Find us on GitHub

Teaching basic lab skills
for research computing

Matrix Programming: Linear Algebra

Matrix Programming/Linear Algebra at YouTube

Hello, and welcome to another episode of the Software Carpentry lecture on matrix programming. In this episode, we'll have a look at how to do linear algebra.

As we saw in previous episodes, NumPy arrays make it easy to do things with rectangular blocks of data. But that doesn't mean they behave exactly like the matrices that mathematicians use. For example, let's create an array, and then multiply it by itself. As you can see, NumPy has not done what a mathematician would do. Instead, it has done the operation elementwise.

On the bright side, elementwise operation means that array addition works as you would expect. And since there's only one sensible way to interpret an expression like "array plus one", NumPy does the sensible thing there too.

Like other array-based libraries or languages, NumPy provides many useful tools for common operations. For example, if we have the array shown here, then we can sum its values with a single function call. We can also calculate the partial sum along each axis… …just by passing an extra argument into the sum function.

As an exercise, what do you think sum(a, 2) will do for a two-dimensional array?

Here's a long example of what we can do with array operations. Suppose we have been observing the progress of a disease in some test subjects. Each row of our array corresponds to one patient. And each column is an hourly count of responsive T cells. This means that the zeroth column of our data is the initial T cell count for all patients… While the zeroth row is all hourly samples for patient 0.

As an exercise, check that you understand the slicing notation used here, and can explain why the slices are one-dimensional rather than two-dimensional.

The expression 'mean(data)' gives us the average T cell count for all patients at all times. It's nice to know we can do this, but it's not a particularly meaningful statistic. The mean of the data along axis 0, on the other hand, gives us the average across all patients for each hour. This is much more useful: it is the "normal" progress of the disease. And the mean along axis 1 gives us the average T cell count per patient across all times, which could be useful if we need to normalize the data.

It might be even more interesting to look at what happened to people who started with no responsive T cell count at all. The first step is to once again select the first column of data, i.e., the initial T cell counts for each patient. If we compare these to zero, we get a Boolean array with True for each row of the array that meets our criteria. If we use this to index the original array, we get the two rows for which the count at time zero is zero.

Now let's find the mean T cell count over time for those people. Once again, we start by selecting column 0…

…and testing it to create a Boolean mask.

Using that mask as a subscript gives us the rows that have zero in the first place.

We can now use the 'mean' function along axis zero—i.e., across patients.

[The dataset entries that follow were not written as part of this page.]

(* Let $\Delta$ be a pure $d$-dimensional simplicial complex on vertex set $[n]$, and $\mathbb{K}$ a field. For every $1\le i\le d-1$ there exists $j\ge1$ such that $\mathcal{F}(\Delta^{(i)})^{(j)}\neq\mathcal{F}(\Delta^{(i)})^j$ in $\mathbb{K}[x_1,\dots,x_n]$.
   Context: $\Delta^{(i)}$ is the $i$-th skeleton of $\Delta$ (faces of dimension at most $i$). For a simplicial complex $\Gamma$ with facets $F_1,\dots,F_s$, $\mathcal{F}(\Gamma)=(x_{F_1},\dots,x_{F_s})$ with $x_F=\prod_{j\in F}x_j$. For a squarefree monomial ideal $I$, $I^{(m)}=\bigcap_{P\in\mathrm{Ass}(I)}P^m$. *)

theory Defs
  imports Main "HOL-Library.Poly_Mapping"
begin

definition simplicial_complex :: "nat \<Rightarrow> nat set set \<Rightarrow> bool" where
  "simplicial_complex n \<Delta> \<longleftrightarrow>
     {} \<in> \<Delta> \<and> (\<forall>F\<in>\<Delta>. F \<subseteq> {1..n}) \<and>
     (\<forall>F\<in>\<Delta>. \<forall>G. G \<subseteq> F \<longrightarrow> G \<in> \<Delta>) \<and>
     (\<forall>v\<in>{1..n}. {v} \<in> \<Delta>)"

definition facets :: "nat set set \<Rightarrow> nat set set" where
  "facets \<Gamma> = {F \<in> \<Gamma>. \<forall>G\<in>\<Gamma>. F \<subseteq> G \<longrightarrow> G = F}"

text \<open>Pure of dimension d: every facet has dimension d, i.e. d+1 vertices.\<close>
definition pure_of_dim :: "nat set set \<Rightarrow> nat \<Rightarrow> bool" where
  "pure_of_dim \<Delta> d \<longleftrightarrow> (\<forall>F\<in>facets \<Delta>. card F = d + 1)"

definition skeleton :: "nat \<Rightarrow> nat set set \<Rightarrow> nat set set" where
  "skeleton i \<Delta> = {F \<in> \<Delta>. card F \<le> i + 1}"

type_synonym 'k mpoly = "(nat \<Rightarrow>\<^sub>0 nat) \<Rightarrow>\<^sub>0 'k"

definition polyring :: "nat \<Rightarrow> 'k::field mpoly set" where
  "polyring n = {p::'k mpoly. \<forall>m\<in>Poly_Mapping.keys p. Poly_Mapping.keys m \<subseteq> {1..n}}"

definition var :: "nat \<Rightarrow> 'k::field mpoly" where
  "var j = Poly_Mapping.single (Poly_Mapping.single j 1) 1"

definition monom_of_set :: "nat set \<Rightarrow> 'k::field mpoly" where
  "monom_of_set F = (\<Prod>j\<in>F. var j)"

definition is_ideal :: "nat \<Rightarrow> 'k::field mpoly set \<Rightarrow> bool" where
  "is_ideal n J \<longleftrightarrow> J \<subseteq> polyring n \<and> 0 \<in> J \<and>
     (\<forall>a\<in>J. \<forall>b\<in>J. a + b \<in> J) \<and>
     (\<forall>r\<in>polyring n. \<forall>a\<in>J. r * a \<in> J)"

definition gen_ideal :: "nat \<Rightarrow> 'k::field mpoly set \<Rightarrow> 'k mpoly set" where
  "gen_ideal n S = \<Inter>{J. is_ideal n J \<and> S \<subseteq> J}"

definition ideal_prod :: "nat \<Rightarrow> 'k::field mpoly set \<Rightarrow> 'k mpoly set \<Rightarrow> 'k mpoly set" where
  "ideal_prod n I J = gen_ideal n {a * b | a b. a \<in> I \<and> b \<in> J}"

fun ideal_pow :: "nat \<Rightarrow> 'k::field mpoly set \<Rightarrow> nat \<Rightarrow> 'k mpoly set" where
  "ideal_pow n I 0 = polyring n"
| "ideal_pow n I (Suc m) = ideal_prod n I (ideal_pow n I m)"

definition prime_ideal :: "nat \<Rightarrow> 'k::field mpoly set \<Rightarrow> bool" where
  "prime_ideal n P \<longleftrightarrow> is_ideal n P \<and> P \<noteq> polyring n \<and>
     (\<forall>a\<in>polyring n. \<forall>b\<in>polyring n. a * b \<in> P \<longrightarrow> a \<in> P \<or> b \<in> P)"

definition ass_primes :: "nat \<Rightarrow> 'k::field mpoly set \<Rightarrow> 'k mpoly set set" where
  "ass_primes n I = {P. prime_ideal n P \<and>
      (\<exists>f\<in>polyring n. P = {g \<in> polyring n. g * f \<in> I})}"

definition symb_pow :: "nat \<Rightarrow> 'k::field mpoly set \<Rightarrow> nat \<Rightarrow> 'k mpoly set" where
  "symb_pow n I m = polyring n \<inter> \<Inter>{ideal_pow n P m | P. P \<in> ass_primes n I}"

definition facet_ideal :: "nat \<Rightarrow> nat set set \<Rightarrow> 'k::field mpoly set" where
  "facet_ideal n \<Gamma> = gen_ideal n (monom_of_set ` facets \<Gamma>)"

Which gives us the average behavior of patients who started with no responsive T cells at all.

This example highlights the key to good matrix programming: write high-level statements without loops, and let the computer worry about how to do the operations element by element. This is just as true for MATLAB or R as it is for Python:

All right, so what about "real" matrix multiplication? NumPy provides a function called 'dot' that does this, and other useful things. 'dot' of two matrices is their mathematical matrix product. Dot of two vectors is their dot product, i.e., the sum of the products of their elements.

Just as in mathematics, though, dot only works for things with compatible shapes. For example, you cannot multiply a 2×3 matrix and another 2×3 matrix: NumPy complains that the objects aren't aligned. And please note that NumPy does not distinguish between row and column vectors: if 'v' is a 1×2 vector, NumPy will happily calculate either of its products with a 2×2 matrix.

If you really prefer multiplication with a '*' to calling the function 'dot', you can store your data in a class called 'matrix' instead of in an 'array'. 'matrix' has all of the features of 'array', but its '*' operator does what a mathematician would expect. You can convert one form to the other using the 'matrix' and 'array' functions.

So which should you use? If your program is doing linear algebra, 'matrix' will probably be more convenient… …not least because it treats vectors as Nx1 matrices. Otherwise, you should use 'array'. In particular, if you are representing a multi-dimensional grid of some sort, rather than an abstract matrix of numbers, 'array' is better choice.

Finally, always remember that you're not the first person to program with matrices. Always take a look at the online documentation for NumPy before writing any functions of your own. The library includes routines to conjugate, convolve, and correlate matrices… …to extract diagonals… …calculate FFTs, gradients, histograms, and least squares… …or net present value if you're doing financial mathematics. It can find roots… …solve sets of linear equations… …and do singular value decomposition. These functions are all faster than anything you could easily write… …and what's more, someone else has tested and debugged them.

In our next episode, we'll have a look at a longer example of how you can use NumPy to solve real-world problems.